Inspecting dmesg or journalctl on the host machine reveals no any relevant
entries.
Problem appears regardless of the type of workflow performed. It can just
freeze on the desktop, in the web browser or in the GPU benchmark. I was
playing music on the system and just before freezing, sound starts to
drop/glitch and then goes completely silent.

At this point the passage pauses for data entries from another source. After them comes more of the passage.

lemma degree_diff_less_same_lead:
  fixes p q :: "'a::ring poly"
  assumes "degree p = degree q" "lead_coeff p = lead_coeff q" "p \<noteq> q"
  shows "degree (p - q) < degree p"
proof -
  have "degree (p - q) \<le> degree p"
    using assms(1) degree_diff_le[of p "degree p" q] by simp
  moreover have "coeff (p - q) (degree p) = 0" "p - q \<noteq> 0"
    using assms by simp_all
  ultimately show ?thesis
    by (metis le_neq_implies_less leading_coeff_0_iff)
qed

locale skew_poly_ring =
  fixes \<sigma> \<delta> :: "'a::division_ring \<Rightarrow> 'a"
  assumes ring_endo: "ring_endo \<sigma>" and sigma_derivation: "sigma_derivation \<sigma> \<delta>"
begin

lemma sigma_add: "\<sigma> (a + b) = \<sigma> a + \<sigma> b"
  and sigma_mult: "\<sigma> (a * b) = \<sigma> a * \<sigma> b"
  and sigma_1 [simp]: "\<sigma> 1 = 1"
  using ring_endo by (simp_all add: ring_endo_def)

lemma delta_add: "\<delta> (a + b) = \<delta> a + \<delta> b"
  and delta_mult: "\<delta> (a * b) = \<sigma> a * \<delta> b + \<delta> a * b"
  using sigma_derivation by (simp_all add: sigma_derivation_def)

lemma sigma_0 [simp]: "\<sigma> 0 = 0"
  using sigma_add[of 0 0] by simp

lemma delta_0 [simp]: "\<delta> 0 = 0"
  using delta_add[of 0 0] by simp

lemma delta_1 [simp]: "\<delta> 1 = 0"
  using delta_mult[of 1 1] by simp

lemma sigma_nonzero: "a \<noteq> 0 \<Longrightarrow> \<sigma> a \<noteq> 0"
  by (metis left_inverse mult_zero_right sigma_1 sigma_mult zero_neq_one)

lemma funpow_sigma_nonzero: "a \<noteq> 0 \<Longrightarrow> (\<sigma> ^^ k) a \<noteq> 0"
  by (induct k) (auto simp: sigma_nonzero)

lemma funpow_sigma_1: "(\<sigma> ^^ k) 1 = 1"
  by (induct k) auto

abbreviation skew_times (infixl "\<star>" 70) where "p \<star> q \<equiv> skew_mult \<sigma> \<delta> p q"
abbreviation xmul where "xmul \<equiv> skew_xmul \<sigma> \<delta>"
abbreviation lin :: "'a \<Rightarrow> 'a poly" where "lin c \<equiv> [:- c, 1:]"
abbreviation rdvd where "rdvd G F \<equiv> right_dvd \<sigma> \<delta> G F"
abbreviation conjugate where "conjugate a b \<equiv> sd_conjugate \<sigma> \<delta> a b"

lemma coeff_xmul_0: "coeff (xmul q) 0 = \<delta> (coeff q 0)"
  and coeff_xmul_Suc: "coeff (xmul q) (Suc n) = \<sigma> (coeff q n) + \<delta> (coeff q (Suc n))"
  by (simp_all add: skew_xmul_def coeff_map_poly)

lemma xmul_0 [simp]: "xmul 0 = 0"
  by (simp add: skew_xmul_def)

lemma xmul_add: "xmul (p + q) = xmul p + xmul q"
proof -
  have "coeff (xmul (p + q)) n = coeff (xmul p + xmul q) n" for n
    by (cases n) (simp_all add: coeff_xmul_0 coeff_xmul_Suc sigma_add delta_add)
  then show ?thesis
    by (simp add: poly_eq_iff)
qed

lemma xmul_lsmult: "xmul (lsmult c q) = lsmult (\<sigma> c) (xmul q) + lsmult (\<delta> c) q"
proof -
  have "coeff (xmul (lsmult c q)) n = coeff (lsmult (\<sigma> c) (xmul q) + lsmult (\<delta> c) q) n" for n
    by (cases n) (simp_all add: coeff_xmul_0 coeff_xmul_Suc sigma_mult delta_mult sigma_add
        distrib_left algebra_simps)
  then show ?thesis
    by (simp add: poly_eq_iff)
qed

lemma xmul_pCons: "xmul (pCons c q) = pCons (\<delta> c) ([:\<sigma> c:] + xmul q)"
  by (simp add: poly_eq_iff coeff_xmul_0 coeff_xmul_Suc coeff_pCons split: nat.split)

lemma xmul_pCons_0: "xmul (pCons 0 q) = pCons 0 (xmul q)"
  by (simp add: xmul_pCons)

lemma degree_xmul:
  assumes "q \<noteq> 0"
  shows "degree (xmul q) = Suc (degree q)"
    and "coeff (xmul q) (Suc (degree q)) = \<sigma> (lead_coeff q)"
proof -
  show top: "coeff (xmul q) (Suc (degree q)) = \<sigma> (lead_coeff q)"
    by (simp add: coeff_xmul_Suc coeff_eq_0)
  have "coeff (xmul q) n = 0" if "Suc (degree q) < n" for n
    using that by (cases n) (simp_all add: coeff_xmul_Suc coeff_eq_0)
  then have "degree (xmul q) \<le> Suc (degree q)"
    by (simp add: degree_le)
  moreover have "Suc (degree q) \<le> degree (xmul q)"
    using top assms by (simp add: le_degree sigma_nonzero)
  ultimately show "degree (xmul q) = Suc (degree q)"
    by simp
qed

lemma skew_mult_eq_sum:
  "degree p \<le> N \<Longrightarrow> p \<star> q = (\<Sum>i\<le>N. lsmult (coeff p i) ((xmul ^^ i) q))"
  unfolding skew_mult_lsmult by (rule sum.mono_neutral_left) (auto simp: coeff_eq_0)

lemma skew_mult_pCons_left: "pCons c p \<star> q = lsmult c q + p \<star> xmul q"
proof -
  have "pCons c p \<star> q = (\<Sum>i\<le>Suc (degree p). lsmult (coeff (pCons c p) i) ((xmul ^^ i) q))"
    by (rule skew_mult_eq_sum) simp
  also have "\<dots> = lsmult c q + (\<Sum>i\<le>degree p. lsmult (coeff p i) ((xmul ^^ i) (xmul q)))"
    by (subst sum.atMost_Suc_shift) (simp add: funpow_Suc_right del: funpow.simps)
  finally show ?thesis
    by (simp add: skew_mult_lsmult)
qed

lemma skew_mult_0_left [simp]: "0 \<star> q = 0"
  by (simp add: skew_mult_lsmult)

lemma skew_mult_0_right [simp]: "p \<star> 0 = 0"
  by (induct p) (auto simp: skew_mult_pCons_left)

lemma skew_mult_const_left: "[:c:] \<star> q = lsmult c q"
  using skew_mult_pCons_left[of c 0 q] by simp

lemma skew_mult_1_left [simp]: "[:1:] \<star> q = q"
  by (simp add: skew_mult_const_left)

lemma skew_mult_add_right: "p \<star> (q + r) = p \<star> q + p \<star> r"
  by (induct p arbitrary: q r) (simp_all add: skew_mult_pCons_left xmul_add lsmult_add_right)

lemma skew_mult_add_left: "(p + p') \<star> q = p \<star> q + p' \<star> q"
proof -
  let ?N = "max (degree p) (degree p')"
  have "(p + p') \<star> q = (\<Sum>i\<le>?N. lsmult (coeff (p + p') i) ((xmul ^^ i) q))"
    by (rule skew_mult_eq_sum) (simp add: degree_add_le)
  also have "\<dots> = (\<Sum>i\<le>?N. lsmult (coeff p i) ((xmul ^^ i) q))
                + (\<Sum>i\<le>?N. lsmult (coeff p' i) ((xmul ^^ i) q))"
    by (simp add: lsmult_add_left sum.distrib)
  finally show ?thesis
    by (simp add: skew_mult_eq_sum[symmetric])
qed

lemma skew_mult_diff_left: "(p - p') \<star> q = p \<star> q - p' \<star> q"
  by (metis add_diff_cancel_right' diff_add_cancel skew_mult_add_left)

lemma skew_mult_lsmult_left: "lsmult c p \<star> q = lsmult c (p \<star> q)"
proof -
  have "lsmult c p \<star> q = (\<Sum>i\<le>degree p. lsmult (coeff (lsmult c p) i) ((xmul ^^ i) q))"
    by (rule skew_mult_eq_sum) (rule degree_lsmult_le)
  also have "\<dots> = lsmult c (p \<star> q)"
    by (simp add: skew_mult_lsmult lsmult_sum lsmult_lsmult)
  finally show ?thesis .
qed

lemma skew_mult_xmul_left: "xmul q \<star> r = xmul (q \<star> r)"
proof (induct q arbitrary: r)
  case (pCons c q)
  have "xmul (pCons c q) \<star> r = lsmult (\<delta> c) r + ([:\<sigma> c:] + xmul q) \<star> xmul r"
    by (simp add: xmul_pCons skew_mult_pCons_left)
  also have "\<dots> = lsmult (\<delta> c) r + lsmult (\<sigma> c) (xmul r) + xmul (q \<star> xmul r)"
    by (simp add: skew_mult_add_left skew_mult_const_left pCons add.assoc)
  also have "\<dots> = xmul (pCons c q \<star> r)"
    by (simp add: skew_mult_pCons_left xmul_add xmul_lsmult algebra_simps)
  finally show ?case .
qed simp

lemma skew_mult_assoc: "(p \<star> q) \<star> r = p \<star> (q \<star> r)"
  by (induct p arbitrary: q)
    (simp_all add: skew_mult_pCons_left skew_mult_add_left skew_mult_lsmult_left
      skew_mult_xmul_left)

lemma skew_mult_pCons_0_right: "p \<star> pCons 0 q = pCons 0 (p \<star> q)"
  by (induct p arbitrary: q) (simp_all add: skew_mult_pCons_left xmul_pCons_0 lsmult_pCons_0)

lemma skew_mult_1_right [simp]: "p \<star> [:1:] = p"
proof (induct p)
  case (pCons c p)
  have "xmul [:1:] = pCons 0 [:1:]" "lsmult c [:1:] = [:c:]"
    by (simp_all add: xmul_pCons poly_eq_iff coeff_pCons split: nat.split)
  then show ?case
    by (simp add: skew_mult_pCons_left skew_mult_pCons_0_right pCons)
qed simp

lemma degree_coeff_skew_mult:
  "p \<noteq> 0 \<Longrightarrow> q \<noteq> 0 \<Longrightarrow> degree (p \<star> q) = degree p + degree q \<and>
    coeff (p \<star> q) (degree p + degree q) = lead_coeff p * (\<sigma> ^^ degree p) (lead_coeff q)"
proof (induct p arbitrary: q)
  case (pCons c p)
  show ?case
  proof (cases "p = 0")
    case True
    then show ?thesis
      using pCons by (simp add: skew_mult_pCons_left degree_lsmult)
  next
    case False
    have "xmul q \<noteq> 0"
      using degree_xmul(1)[OF pCons(4)] by auto
    from pCons(2)[OF False this] degree_xmul[OF pCons(4)]
    have IH: "degree (p \<star> xmul q) = degree p + Suc (degree q)"
      "coeff (p \<star> xmul q) (degree p + Suc (degree q))
         = lead_coeff p * (\<sigma> ^^ degree p) (\<sigma> (lead_coeff q))"
      by auto
    have less: "degree (lsmult c q) < degree (p \<star> xmul q)"
      using IH(1) degree_lsmult_le[of c q] by simp
    then have "degree (pCons c p \<star> q) = degree (p \<star> xmul q)"
      by (simp add: skew_mult_pCons_left degree_add_eq_right)
    moreover have "coeff (pCons c p \<star> q) (degree p + Suc (degree q))
        = coeff (p \<star> xmul q) (degree p + Suc (degree q))"
      using less IH(1) by (simp add: skew_mult_pCons_left coeff_eq_0)
    ultimately show ?thesis
      using IH False by (simp add: funpow_Suc_right del: funpow.simps)
  qed
qed simp

lemma degree_skew_mult: "p \<noteq> 0 \<Longrightarrow> q \<noteq> 0 \<Longrightarrow> degree (p \<star> q) = degree p + degree q"
  using degree_coeff_skew_mult by blast

lemma skew_mult_eq_0_iff: "p \<star> q = 0 \<longleftrightarrow> p = 0 \<or> q = 0"
proof (cases "p = 0 \<or> q = 0")
  case False
  then have "coeff (p \<star> q) (degree p + degree q) \<noteq> 0"
    using degree_coeff_skew_mult[of p q] funpow_sigma_nonzero[of "lead_coeff q" "degree p"]
    by auto
  with False show ?thesis
    by auto
qed auto

lemma lead_coeff_skew_mult_monic:
  "lead_coeff q = 1 \<Longrightarrow> p \<noteq> 0 \<Longrightarrow> lead_coeff (p \<star> q) = lead_coeff p"
  using degree_coeff_skew_mult[of p q] funpow_sigma_1 by (cases "q = 0") auto

lemma skew_mult_cancel_right: "A \<star> C = B \<star> C \<Longrightarrow> C \<noteq> 0 \<Longrightarrow> A = B"
  using skew_mult_diff_left[of A B C] skew_mult_eq_0_iff[of "A - B" C] by simp

lemma right_dvd_mult_self: "rdvd P (Q \<star> P)"
  by (auto simp: right_dvd_def)

lemma right_dvd_1: "rdvd [:1:] F"
  by (metis right_dvd_def skew_mult_1_right)

lemma right_dvd_trans: "rdvd P G \<Longrightarrow> rdvd G F \<Longrightarrow> rdvd P F"
  by (metis right_dvd_def skew_mult_assoc)

lemma skew_pow_0: "skew_pow \<sigma> \<delta> p 0 = [:1:]"
  and skew_pow_Suc: "skew_pow \<sigma> \<delta> p (Suc n) = p \<star> skew_pow \<sigma> \<delta> p n"
  by (simp_all add: skew_pow_def)

lemma skew_pow_Suc': "skew_pow \<sigma> \<delta> p (Suc n) = skew_pow \<sigma> \<delta> p n \<star> p"
  by (induct n) (simp_all add: skew_pow_0 skew_pow_Suc skew_mult_assoc[symmetric])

Windows event viewer is of course as useful as a fridge on the North pole
before the climate change :D (pardon my pun), meaning no entries are produced
during the freeze, and there is actually a gap between written entries for
however long the freeze took.
So far, I have tested a good variety of Kernel versions:
[1] linux-4.19.120-gentoo <- works fine
[2] linux-4.20.17-gentoo <- works fine
[3] linux-5.0.0-gentoo <- randomly freezes as described
[4] linux-5.0.21-gentoo <- randomly freezes as described
[5] linux-5.1.21-gentoo <- can't even boot guest, getting freeze during
very early boot
[6] linux-5.2.20-gentoo <- qemu won't even start, complaining about KVM
suberror 1
[7] linux-5.3.18-gentoo <- randomly freezes as described
[8] linux-5.4.38-gentoo <- randomly freezes as described
My takeaway here is that something went wrong in the 5.0.0 and was never fixed
since.
I have not yet tried to bisect the GIT source, but might give it a go, time
permitting.
I am using naked qemu-system-x86_64 command, to rule out virt-manager problems.
PCIe devices are attached via separate pcie-root-port devices. Using OVMF UEFI
(sys-firmware/edk2-ovmf-201905) for booting with Secure Boot enabled (disabling
Secure Boot makes no difference). I have also did clean Windows 10 install to
rule out any issues with the guest OS itself, but problem persisted. I have
tried using Windows-provided GPU drivers as well as the latest from nVidia.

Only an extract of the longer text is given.